VIDEONEWS & sponsored

(in )

CONSIGLIO PAT * III COMMISSIONE: « ANTICIPATO DALLA GIUNTA IL CONTENUTO DELLE MODIFICHE AL DDL 18 SU SEMPLIFICAZIONE E COMPETITIVITÀ »

Anticipato dalla Giunta alla III Commissione il contenuto delle modifiche al ddl 18 su semplificazione e competitività che l’Aula esaminerà mercoledì. Principali novità: il Mes per gli appalti e i rapporti di fine concessione relativi alle grandi derivazioni idroelettriche.

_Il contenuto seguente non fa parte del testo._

lemma excess_loss_bounds:
  assumes "V \<in> Vc" "\<pi> \<in> Pc" "g' \<in> Gc" "(s, a) \<in> set_pmf \<mu>" "s' \<in> S"
  shows "\<bar>excess_loss V \<pi> g' (s, a, s')\<bar> \<le> 24 * vmax\<^sup>2"
    and "(excess_loss V \<pi> g' (s, a, s'))\<^sup>2
       \<le> 72 * vmax\<^sup>2 * ((bellman_residual \<gamma> P R lam \<pi> V (s, a))\<^sup>2 + (V0 s - g' (s, a))\<^sup>2)"
proof -
  have sa: "s \<in> S" "a \<in> A"
    using assms(4) data_support by auto
  define u where "u = loss_gap \<gamma> R lam V \<pi> (critic V \<pi>) (s, a, s')"
  define u0 where "u0 = loss_gap \<gamma> R lam V0 \<pi>0 g' (s, a, s')"
  have u: "\<bar>u\<bar> \<le> 12 * vmax\<^sup>2" "u\<^sup>2 \<le> 36 * vmax\<^sup>2 * (bellman_residual \<gamma> P R lam \<pi> V (s, a))\<^sup>2"
    using loss_gap_bounds[OF assms(1,2) critic_class[OF assms(1,2)] sa assms(5)]
      critic_consistent[OF assms(1,2,4)]
    by (simp_all add: u_def bellman_residual_def)
  have u0: "\<bar>u0\<bar> \<le> 12 * vmax\<^sup>2" "u0\<^sup>2 \<le> 36 * vmax\<^sup>2 * (V0 s - g' (s, a))\<^sup>2"
    using loss_gap_bounds[OF V0_class \<pi>0_class assms(3) sa assms(5)] by (simp_all add: u0_def)
  have "(u - u0)\<^sup>2 \<le> 2 * u\<^sup>2 + 2 * u0\<^sup>2"
    using zero_le_power2[of "u + u0"] by (simp add: power2_eq_square algebra_simps)
  then show "(excess_loss V \<pi> g' (s, a, s'))\<^sup>2
       \<le> 72 * vmax\<^sup>2 * ((bellman_residual \<gamma> P R lam \<pi> V (s, a))\<^sup>2 + (V0 s - g' (s, a))\<^sup>2)"
    using u u0 by (simp add: excess_loss_def u_def u0_def algebra_simps)
  show "\<bar>excess_loss V \<pi> g' (s, a, s')\<bar> \<le> 24 * vmax\<^sup>2"
    using u u0 by (simp add: excess_loss_def u_def u0_def abs_le_iff)
qed

text \<open>The scale 1 / (144 vmax^2) makes t |U| <= 1/6 and t^2 E U^2 <= t E U / 2 for the excess loss U.\<close>

lemma conditional_exp_excess_loss_le:
  assumes "V \<in> Vc" "\<pi> \<in> Pc" "g' \<in> Gc" "(s, a) \<in> set_pmf \<mu>" "0 < vmax"
  defines "m \<equiv> (bellman_residual \<gamma> P R lam \<pi> V (s, a))\<^sup>2 + (V0 s - g' (s, a))\<^sup>2"
  shows "(\<Sum>s'\<in>S. pmf (P s a) s' * exp (- (1 / (144 * vmax\<^sup>2)) * excess_loss V \<pi> g' (s, a, s')))
     \<le> 1 - m / (288 * vmax\<^sup>2)"
proof -
  define t where "t = 1 / (144 * vmax\<^sup>2)"
  have sa: "s \<in> S" "a \<in> A"
    using assms(4) data_support by auto
  note bounds = excess_loss_bounds[OF assms(1-4)]
  have "\<bar>t * excess_loss V \<pi> g' (s, a, s')\<bar> \<le> 1" if "s' \<in> S" for s'
  proof -
    have "\<bar>t * excess_loss V \<pi> g' (s, a, s')\<bar> \<le> t * (24 * vmax\<^sup>2)"
      using bounds(1)[OF that] assms(5) by (simp add: t_def abs_mult)
    also have "\<dots> \<le> 1"
      using assms(5) by (simp add: t_def)
    finally show ?thesis .
  qed
  then have "(\<Sum>s'\<in>S. pmf (P s a) s' * exp (- t * excess_loss V \<pi> g' (s, a, s')))
      \<le> 1 - t * (\<Sum>s'\<in>S. pmf (P s a) s' * excess_loss V \<pi> g' (s, a, s'))
        + t\<^sup>2 * (\<Sum>s'\<in>S. pmf (P s a) s' * (excess_loss V \<pi> g' (s, a, s'))\<^sup>2)"
    by (rule sum_pmf_exp_neg_le[OF finite_S transition_support[OF sa]])
  also have "\<dots> \<le> 1 - t * m + t\<^sup>2 * (72 * vmax\<^sup>2 * m)"
  proof -
    have "(\<Sum>s'\<in>S. pmf (P s a) s' * (excess_loss V \<pi> g' (s, a, s'))\<^sup>2)
        \<le> (\<Sum>s'\<in>S. pmf (P s a) s' * (72 * vmax\<^sup>2 * m))"
      using bounds(2) by (intro sum_mono mult_left_mono) (auto simp: m_def)
    also have "\<dots> = 72 * vmax\<^sup>2 * m"
      using sum_pmf_eq_1[OF finite_S transition_support[OF sa]] by (simp flip: sum_distrib_right)
    finally show ?thesis
      using expected_excess_loss[OF assms(1,2,4)] by (simp add: m_def mult_left_mono)
  qed
  also have "\<dots> = 1 - m / (288 * vmax\<^sup>2)"
    using assms(5) by (simp add: t_def power2_eq_square field_simps)
  finally show ?thesis
    by (simp add: t_def)
qed
(* Let $n\ge 1$. For a canonical decorated permutation $(\pi,(a_1,\ldots,a_n))$ of $[n]$ with run decomposition $(B_0,B_1,B_2,\ldots)=(D^{(0)}_\pi,A^{(1)}_\pi,D^{(1)}_\pi,A^{(2)}_\pi,\ldots)$ (so $B_0=\{0\}$ and $B_k$ is the $k$-th block), define a tree $\tau$ on the vertex set $\{0,1,\ldots,n\}$, rooted at $0$, as follows: for $k\ge1$, each letter $\ell\in B_k$ with decoration $a_\ell=d$ is made a child of the $d$-th smallest element of $B_{k-1}$ if $k$ is odd, and of the $d$-th largest element of $B_{k-1}$ if $k$ is even, counting from $0$ (the smallest, resp. largest, element being the $0$-th). Then $\tau$ is an intransitive tree whose set of vertices at depth $k$ is $B_k$ for every $k$, and the map $(\pi,(a_i))\mapsto\tau$ is a bijection from the set of canonical decorated permutations of $[n]$ onto the set of intransitive trees on the vertex set $\{0,1,\ldots,n\}$.
   Context: Permutations: for a permutation $\pi=\pi_1\cdots\pi_n$ of $[n]$, $\pi_i$ is an ascent top if $i=1$ or $\pi_{i-1}<\pi_i$, and a descent bottom if $\pi_{i-1}>\pi_i$. The run decomposition $\mathsf{RunDec}(\pi)=(D^{(0)}_\pi,A^{(1)}_\pi,D^{(1)}_\pi,A^{(2)}_\pi,\ldots)$ consists of $D^{(0)}_\pi=\{0\}$ followed by the letter sets of the maximal factors of $\pi$ consisting alternately of ascent tops ($A$-blocks) and descent bottoms ($D$-blocks); the first factor consists of ascent tops. A (stable) decorated permutation is a pair $(\pi,(a_1,\ldots,a_n))$ ($a_i$ attached to the letter $i$) with $0\le a_i<|\{j\in A^{(k)}_\pi: j>i,\ k\le\ell\}|$ if $i\in D^{(\ell)}_\pi$ and $0\le a_i<|\{j\in D^{(k)}_\pi: j<i,\ k<\ell\}|$ if $i\in A^{(\ell)}_\pi$. It is canonical if moreover $a_i<\mu_i(\pi)$ for all $i$, where $\mu_i(\pi)=|\{j\in A^{(\ell)}_\pi: j>i\}|$ if $i\in D^{(\ell)}_\pi$ and $\mu_i(\pi)=|\{j\in D^{(\ell-1)}_\pi: j<i\}|$ if $i\in A^{(\ell)}_\pi$. An intransitive tree (Postnikov) is a tree with distinct integer labels on its vertices such that every vertex's label is either smaller than the labels of all its neighbours or greater than the labels of all its neighbours. The depth of a vertex is its distance from the root $0$. *)

theory Defs
  imports Main
begin

(* A permutation of [n] is a list pi with distinct pi and set pi = {1..n};
   positions are 0-indexed, so pi!i is the letter pi_(i+1) of the paper. *)

definition asctop :: "nat list \<Rightarrow> nat \<Rightarrow> bool" where
  "asctop pi i = (i = 0 \<or> pi ! (i - 1) < pi ! i)"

Gli assessori agli enti locali Mattia Gottardi e all’urbanistica Mario Tonina, vicepresidente della Provincia, hanno anticipato alla Terza Commissione, presieduta da Ivano Job (Lega), il contenuto degli emendamenti che la Giunta Fugatti proporrà al disegno di legge 18 sulla semplificazione e la competitività che andrà in Aula mercoledì prossimo. Proprio per conoscere le modifiche concordate dall’esecutivo con imprenditori, sindacati e autonomie locali, i cui testi saranno pronti prima dell’esame finale del Consiglio previsto il 5 giugno –, le minoranze avevano ottenuto nell’ultima “capigruppo” il rinvio di una settimana della discussione finale del provvedimento. Gottardi ha evidenziato in particolare la novità del Mes introdotto tra i criteri per l’aggiudicazione degli appalti. Tonina ha sottolineato l’obbligo imposto ai concessionari uscenti di grandi derivazioni idroelettriche di trasmettere dati e informazioni complete alla Provincia ai fini dell’assegnazione. Gli assessori hanno poi risposto alle domande rivolte loro da Ossanna (Patt) e Manica (Pd).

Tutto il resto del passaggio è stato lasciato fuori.